The researchers exposed their altered mask to the influenza virus. It proved effective at higher filtration compared to conventional masks, explained Contagion Live. In addition, viruses that came into contact with the salt-coated fibers had more rapid infectivity loss than untreated masks.
How Does it Work?
Here’s how the masks work, according to the researchers:
Aerosol droplets carrying the influenza virus contact the treated filter;
The droplet absorbs salt on the filter;
The virus is exposed to increasing concentration of salt; and,
The virus is damaged when salt crystallizes.
“Salt-coated filters proved highly effective in deactivating influenza viruses regardless of [influenza] subtypes,” the researchers wrote in Scientific Reports. “We believe that [a] salt-recrystallization-based virus deactivation system can contribute to global health by providing a more reliable means of preventing transmission and infection of pandemic or epidemic diseases and bioterrorism.”
Other Reports on Dangerous Exposure for Clinical Laboratory Workers
This is not the first time Dark Daily has reported on dangers to clinical laboratory technicians and ways to keep them safe.
In “Health of Pathology Laboratory Technicians at Risk from Common Solvents like Xylene and Toluene,” we reported on a 2011 study that determined medical laboratory technicians who handle common solvents were at greater risk of developing auto-immune connective tissue diseases.

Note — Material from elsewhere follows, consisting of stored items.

lemma insert_singleton_block_iff:
  assumes "p \<notin> U"
  shows "xs @ {p} # ys \<in> ordered_partitions (insert p U) (Suc k) \<longleftrightarrow>
    xs @ ys \<in> ordered_partitions U k"
proof -
  define P where "P = set (xs @ ys)"
  have set_eq: "set (xs @ {p} # ys) = insert {p} P" and U_eq: "insert p U - {p} = U"
    using assms by (auto simp: P_def)
  show ?thesis
  proof
    assume L: "xs @ {p} # ys \<in> ordered_partitions (insert p U) (Suc k)"
    then have "length (xs @ ys) = k" "distinct (xs @ ys)" "{p} \<notin> P"
      by (simp_all add: ordered_partitions_def P_def)
    have part: "partition_on (insert p U) (insert {p} P)"
      using L unfolding ordered_partitions_def set_eq by (simp add: P_def)
    have "{p} \<inter> J = {}" if "J \<in> P" for J
      using partition_onD2[OF part] that \<open>{p} \<notin> P\<close> by (metis disjointD insertCI)
    then have "disjnt {p} (\<Union>P)"
      by (auto simp: disjnt_def)
    show "xs @ ys \<in> ordered_partitions U k"
      using partition_on_insert[OF \<open>disjnt {p} (\<Union>P)\<close>, of "insert p U"] part
        \<open>length (xs @ ys) = k\<close> \<open>distinct (xs @ ys)\<close>
      by (simp add: ordered_partitions_def U_eq P_def)
  next
    assume "xs @ ys \<in> ordered_partitions U k"
    then have "length (xs @ ys) = k" "distinct (xs @ ys)" and part: "partition_on U P"
      by (simp_all add: ordered_partitions_def P_def)
    moreover have "disjnt {p} (\<Union>P)" "{p} \<notin> P"
      using partition_onD1[OF part] assms by (auto simp: disjnt_def)
    ultimately show "xs @ {p} # ys \<in> ordered_partitions (insert p U) (Suc k)"
      using partition_on_insert[of "{p}" P "insert p U"]
      by (simp add: ordered_partitions_def set_eq U_eq P_def)
  qed
qed

lemma take_Cons_drop_inject:
  assumes "x \<notin> set xs" "t \<le> length xs" "t' \<le> length ys"
    and eq: "take t xs @ x # drop t xs = take t' ys @ x # drop t' ys"
  shows "xs = ys \<and> t = t'"
proof -
  have "x \<notin> set (take t xs)" "x \<notin> set (drop t xs)"
    using assms(1) by (auto dest: in_set_takeD in_set_dropD)
  then have "take t xs = take t' ys" "drop t xs = drop t' ys"
    using eq by (simp_all add: append_Cons_eq_iff)
  moreover from this(1) have "t = t'"
    using assms(2,3) by (metis length_take min.absorb2)
  ultimately show ?thesis
    by (metis append_take_drop_id)
qed

lemma bij_betw_insert_singleton_block:
  assumes "p \<notin> U"
  shows "bij_betw (\<lambda>(Js, t). take t Js @ {p} # drop t Js) (ordered_partitions U k \<times> {..k})
           {Is \<in> ordered_partitions (insert p U) (Suc k). {p} \<in> set Is}"
  unfolding bij_betw_def
proof (intro conjI subset_antisym subsetI)
  have no_p: "{p} \<notin> set Js" if "Js \<in> ordered_partitions U k" for Js
    using block_subset_if_ordered_partition[OF that] assms by blast
  show "inj_on (\<lambda>(Js, t). take t Js @ {p} # drop t Js) (ordered_partitions U k \<times> {..k})"
  proof (rule inj_onI, clarify)
    fix Js t Js' t'
    assume "Js \<in> ordered_partitions U k" "t \<le> k" "Js' \<in> ordered_partitions U k" "t' \<le> k"
      and "take t Js @ {p} # drop t Js = take t' Js' @ {p} # drop t' Js'"
    then show "Js = Js' \<and> t = t'"
      using no_p by (intro take_Cons_drop_inject) (auto simp: ordered_partitions_def)
  qed
  fix Is
  show "Is \<in> {Is \<in> ordered_partitions (insert p U) (Suc k). {p} \<in> set Is}"
    if Is: "Is \<in> (\<lambda>(Js, t). take t Js @ {p} # drop t Js) ` (ordered_partitions U k \<times> {..k})"
  proof -
    obtain Js t where "Js \<in> ordered_partitions U k" and "Is = take t Js @ {p} # drop t Js"
      using Is by auto
    then show ?thesis
      using insert_singleton_block_iff[OF assms, of "take t Js" "drop t Js"] by simp
  qed
  show "Is \<in> (\<lambda>(Js, t). take t Js @ {p} # drop t Js) ` (ordered_partitions U k \<times> {..k})"
    if Is: "Is \<in> {Is \<in> ordered_partitions (insert p U) (Suc k). {p} \<in> set Is}"
  proof -
    have "{p} \<in> set Is"
      using Is by simp
    then obtain xs ys where xs_ys: "Is = xs @ {p} # ys"
      by (blast dest: split_list)
    then have "xs @ ys \<in> ordered_partitions U k"
      using Is insert_singleton_block_iff[OF assms, of xs ys] by simp
    moreover have "length xs \<le> k"
      using calculation by (simp add: ordered_partitions_def)
    ultimately show ?thesis
      unfolding xs_ys by (intro image_eqI[of _ _ "(xs @ ys, length xs)"]) simp_all
  qed
qed

lemma partition_on_insert_into_block:
  assumes part: "partition_on U P" and "J \<in> P" "p \<notin> U"
  shows "partition_on (insert p U) (insert (insert p J) (P - {J}))"
proof -
  have "J \<inter> I = {}" if "I \<in> P - {J}" for I
    using partition_onD2[OF part] \<open>J \<in> P\<close> that by (auto dest: disjointD)
  then have disj: "disjnt J (\<Union>(P - {J}))"
    by (auto simp: disjnt_def)
  then have "partition_on (U - J) (P - {J})"
    using partition_on_insert[OF disj, of U] part \<open>J \<in> P\<close> by (simp add: insert_absorb)
  moreover have "disjnt (insert p J) (\<Union>(P - {J}))"
    using disj partition_onD1[OF part] \<open>p \<notin> U\<close> by (auto simp: disjnt_def)
  moreover have "insert p U - insert p J = U - J" "J \<subseteq> U"
    using \<open>p \<notin> U\<close> partition_onD1[OF part] \<open>J \<in> P\<close> by auto
  ultimately show ?thesis
    using partition_on_insert[of "insert p J" "P - {J}" "insert p U"] by auto
qed

lemma ordered_partition_insert_into_block:
  assumes Js: "Js \<in> ordered_partitions U k" and "j < k" "p \<notin> U"
  shows "Js[j := insert p (Js ! j)] \<in> ordered_partitions (insert p U) k"
    and "{p} \<notin> set (Js[j := insert p (Js ! j)])"
proof -
  have "length Js = k" "distinct Js" and part: "partition_on U (set Js)"
    using Js by (simp_all add: ordered_partitions_def)
  have p_notin: "p \<notin> I" if "I \<in> set Js" for I
    using block_subset_if_ordered_partition[OF Js that] \<open>p \<notin> U\<close> by blast
  have J: "Js ! j \<in> set Js"
    using \<open>length Js = k\<close> \<open>j < k\<close> by simp
  have set_eq: "set (Js[j := insert p (Js ! j)]) = insert (insert p (Js ! j)) (set Js - {Js ! j})"
    using \<open>distinct Js\<close> \<open>length Js = k\<close> \<open>j < k\<close> by (simp add: set_update_distinct)
  have "distinct (Js[j := insert p (Js ! j)])"
    using p_notin \<open>distinct Js\<close> by (intro distinct_list_update) auto
  moreover have "partition_on (insert p U) (set (Js[j := insert p (Js ! j)]))"
    unfolding set_eq using partition_on_insert_into_block[OF part J \<open>p \<notin> U\<close>] .
  ultimately show "Js[j := insert p (Js ! j)] \<in> ordered_partitions (insert p U) k"
    using \<open>length Js = k\<close> by (simp add: ordered_partitions_def)
  have "Js ! j \<noteq> {}"
    using partition_onD3[OF part] J by auto
  then show "{p} \<notin> set (Js[j := insert p (Js ! j)])"
    using p_notin p_notin[OF J] unfolding set_eq by blast
qed

lemma ordered_partition_remove_point:
  assumes "Is \<in> ordered_partitions (insert p U) k" "{p} \<notin> set Is" "p \<notin> U"
  shows "map (\<lambda>I. I - {p}) Is \<in> ordered_partitions U k"
proof -
  have "I - {p} \<noteq> {}" if "I \<in> set Is" for I
    using assms(1,2) that unfolding ordered_partitions_iff_nth
    by (metis Diff_eq_empty_iff subset_singletonD)
  moreover have "(Is ! i - {p}) \<inter> (Is ! j - {p}) = {}" if "i < k" "j < k" "i \<noteq> j" for i j
    using assms(1) that unfolding ordered_partitions_iff_nth by blast
  ultimately show ?thesis
    using assms unfolding ordered_partitions_iff_nth by auto
qed

lemma list_update_insert_inject:
  assumes "\<forall>I\<in>set Js. p \<notin> I" "\<forall>I\<in>set Js'. p \<notin> I" "j < length Js" "j' < length Js'"
    and eq: "Js[j := insert p (Js ! j)] = Js'[j' := insert p (Js' ! j')]"
  shows "Js = Js' \<and> j = j'"
proof -
  have remove_p: "map (\<lambda>I. I - {p}) (Xs[i := insert p (Xs ! i)]) = Xs"
    if "\<forall>I\<in>set Xs. p \<notin> I" "i < length Xs" for Xs i
  proof -
    have "map (\<lambda>I. I - {p}) Xs = Xs"
      using that(1) by (intro map_idI) auto
    then show ?thesis
      using that by (simp add: map_update)
  qed
  have "Js = Js'"
    using remove_p[OF assms(1,3)] remove_p[OF assms(2,4)] eq by metis
  moreover have "j = j'"
  proof (rule ccontr)
    assume "j \<noteq> j'"
    have "p \<in> Js'[j' := insert p (Js' ! j')] ! j"
      using eq assms(3) by (metis insertI1 nth_list_update_eq)
    with \<open>j \<noteq> j'\<close> \<open>Js = Js'\<close> assms(1,3) show False
      by auto
  qed
  ultimately show ?thesis ..
qed

lemma bij_betw_insert_into_block:
  assumes "p \<notin> U"
  shows "bij_betw (\<lambda>(Js, j). Js[j := insert p (Js ! j)]) (ordered_partitions U k \<times> {..<k})
           {Is \<in> ordered_partitions (insert p U) k. {p} \<notin> set Is}"
  unfolding bij_betw_def
proof (intro conjI subset_antisym subsetI)
  have p_notin: "\<forall>I\<in>set Js. p \<notin> I" if "Js \<in> ordered_partitions U k" for Js
    using block_subset_if_ordered_partition[OF that] assms by blast
  show "inj_on (\<lambda>(Js, j). Js[j := insert p (Js ! j)]) (ordered_partitions U k \<times> {..<k})"
  proof (rule inj_onI, clarify)
    fix Js j Js' j'
    assume "Js \<in> ordered_partitions U k" "j < k" "Js' \<in> ordered_partitions U k" "j' < k"
      and "Js[j := insert p (Js ! j)] = Js'[j' := insert p (Js' ! j')]"
    then show "Js = Js' \<and> j = j'"
      using p_notin by (intro list_update_insert_inject) (auto simp: ordered_partitions_def)
  qed
  fix Is
  show "Is \<in> {Is \<in> ordered_partitions (insert p U) k. {p} \<notin> set Is}"
    if "Is \<in> (\<lambda>(Js, j). Js[j := insert p (Js ! j)]) ` (ordered_partitions U k \<times> {..<k})"
    using that ordered_partition_insert_into_block[OF _ _ assms] by auto
  show "Is \<in> (\<lambda>(Js, j). Js[j := insert p (Js ! j)]) ` (ordered_partitions U k \<times> {..<k})"
    if Is: "Is \<in> {Is \<in> ordered_partitions (insert p U) k. {p} \<notin> set Is}"
  proof -
    have len: "length Is = k" and disj: "\<forall>i<k. \<forall>j<k. i \<noteq> j \<longrightarrow> Is ! i \<inter> Is ! j = {}"
      and un: "\<Union>(set Is) = insert p U"
      using Is by (simp_all add: ordered_partitions_iff_nth)
    obtain j where j: "j < k" "p \<in> Is ! j"
      using un len by (metis UnionE in_set_conv_nth insertI1)
    have "Is = (map (\<lambda>I. I - {p}) Is)[j := insert p (map (\<lambda>I. I - {p}) Is ! j)]"
    proof (rule nth_equalityI)
      fix i assume "i < length Is"
      then show "Is ! i = (map (\<lambda>I. I - {p}) Is)[j := insert p (map (\<lambda>I. I - {p}) Is ! j)] ! i"
        using j len disj by (cases "i = j") auto
    qed simp
    then show ?thesis
      using j ordered_partition_remove_point[OF _ _ assms] Is
      by (intro image_eqI[of _ _ "(map (\<lambda>I. I - {p}) Is, j)"]) simp_all
  qed
qed

lemma finite_compositions: "finite (compositions k s)"
  by (rule finite_subset[of _ "{ds. set ds \<subseteq> {..s} \<and> length ds = k}"])
     (auto simp: compositions_def member_le_sum_list intro: finite_lists_length_eq)

lemma sum_nth_composition: "ds \<in> compositions k s \<Longrightarrow> (\<Sum>j<k. ds ! j) = s"
  by (auto simp: compositions_def sum_list_sum_nth atLeast0LessThan)

lemma bij_betw_insert_zero_compositions:
  assumes "t \<le> k"
  shows "bij_betw (\<lambda>ds. take t ds @ 0 # drop t ds) (compositions k s)
           {ds \<in> compositions (Suc k) s. ds ! t = 0}"
proof (rule bij_betw_byWitness[where f' = "\<lambda>ds. take t ds @ drop (Suc t) ds"])
  show "\<forall>ds\<in>compositions k s. take t (take t ds @ 0 # drop t ds) @
      drop (Suc t) (take t ds @ 0 # drop t ds) = ds"
    using assms by (auto simp: compositions_def)
  show "\<forall>ds\<in>{ds \<in> compositions (Suc k) s. ds ! t = 0}.
      take t (take t ds @ drop (Suc t) ds) @ 0 # drop t (take t ds @ drop (Suc t) ds) = ds"
  proof clarify
    fix ds assume ds: "ds \<in> compositions (Suc k) s" "ds ! t = 0"
    then have "take t ds @ 0 # drop (Suc t) ds = ds"
      using assms id_take_nth_drop[of t ds] by (simp add: compositions_def)
    with ds assms show "take t (take t ds @ drop (Suc t) ds) @ 0 #
        drop t (take t ds @ drop (Suc t) ds) = ds"
      by (simp add: compositions_def min_def)
  qed
  show "(\<lambda>ds. take t ds @ 0 # drop t ds) ` compositions k s \<subseteq>
      {ds \<in> compositions (Suc k) s. ds ! t = 0}"
    using assms by (auto simp: compositions_def nth_append sum_list_append[symmetric])
  show "(\<lambda>ds. take t ds @ drop (Suc t) ds) ` {ds \<in> compositions (Suc k) s. ds ! t = 0} \<subseteq>
      compositions k s"
  proof clarify
    fix ds assume "ds \<in> compositions (Suc k) s" "ds ! t = 0"
    then show "take t ds @ drop (Suc t) ds \<in> compositions k s"
      using assms id_take_nth_drop[of t ds]
      by (auto simp: compositions_def) (metis add_0 sum_list.Cons sum_list_append)
  qed
qed

section \<open>The summands of \<open>P\<^sub>g\<^sub>,\<^sub>n\<close>\<close>

definition block_weight :: "(nat \<Rightarrow> rat) \<Rightarrow> nat set \<Rightarrow> nat \<Rightarrow> rat" where
  "block_weight a I d = ((2 * (\<Sum>l\<in>I. a l) + 1) gchoose (2 * d)) *
      (\<Prod>i=1..card I - 1. 2 * of_nat d + 1 - 2 * of_nat i)"

definition partition_weight :: "(nat \<Rightarrow> rat) \<Rightarrow> nat \<Rightarrow> nat set list \<Rightarrow> rat" where
  "partition_weight a s Is =
     (\<Sum>ds\<in>compositions (length Is) s. \<Prod>j<length Is. block_weight a (Is ! j) (ds ! j))"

The UAlberta team may have come up with an inexpensive, simple, and effective way to protect healthcare workers and clinical laboratory technicians. Phlebotomists, laboratory couriers, and medical technologists also could wear the masks as protection from accidental infection and contact with specimens. It will be interesting to follow the progress of this special mask with its salty filter.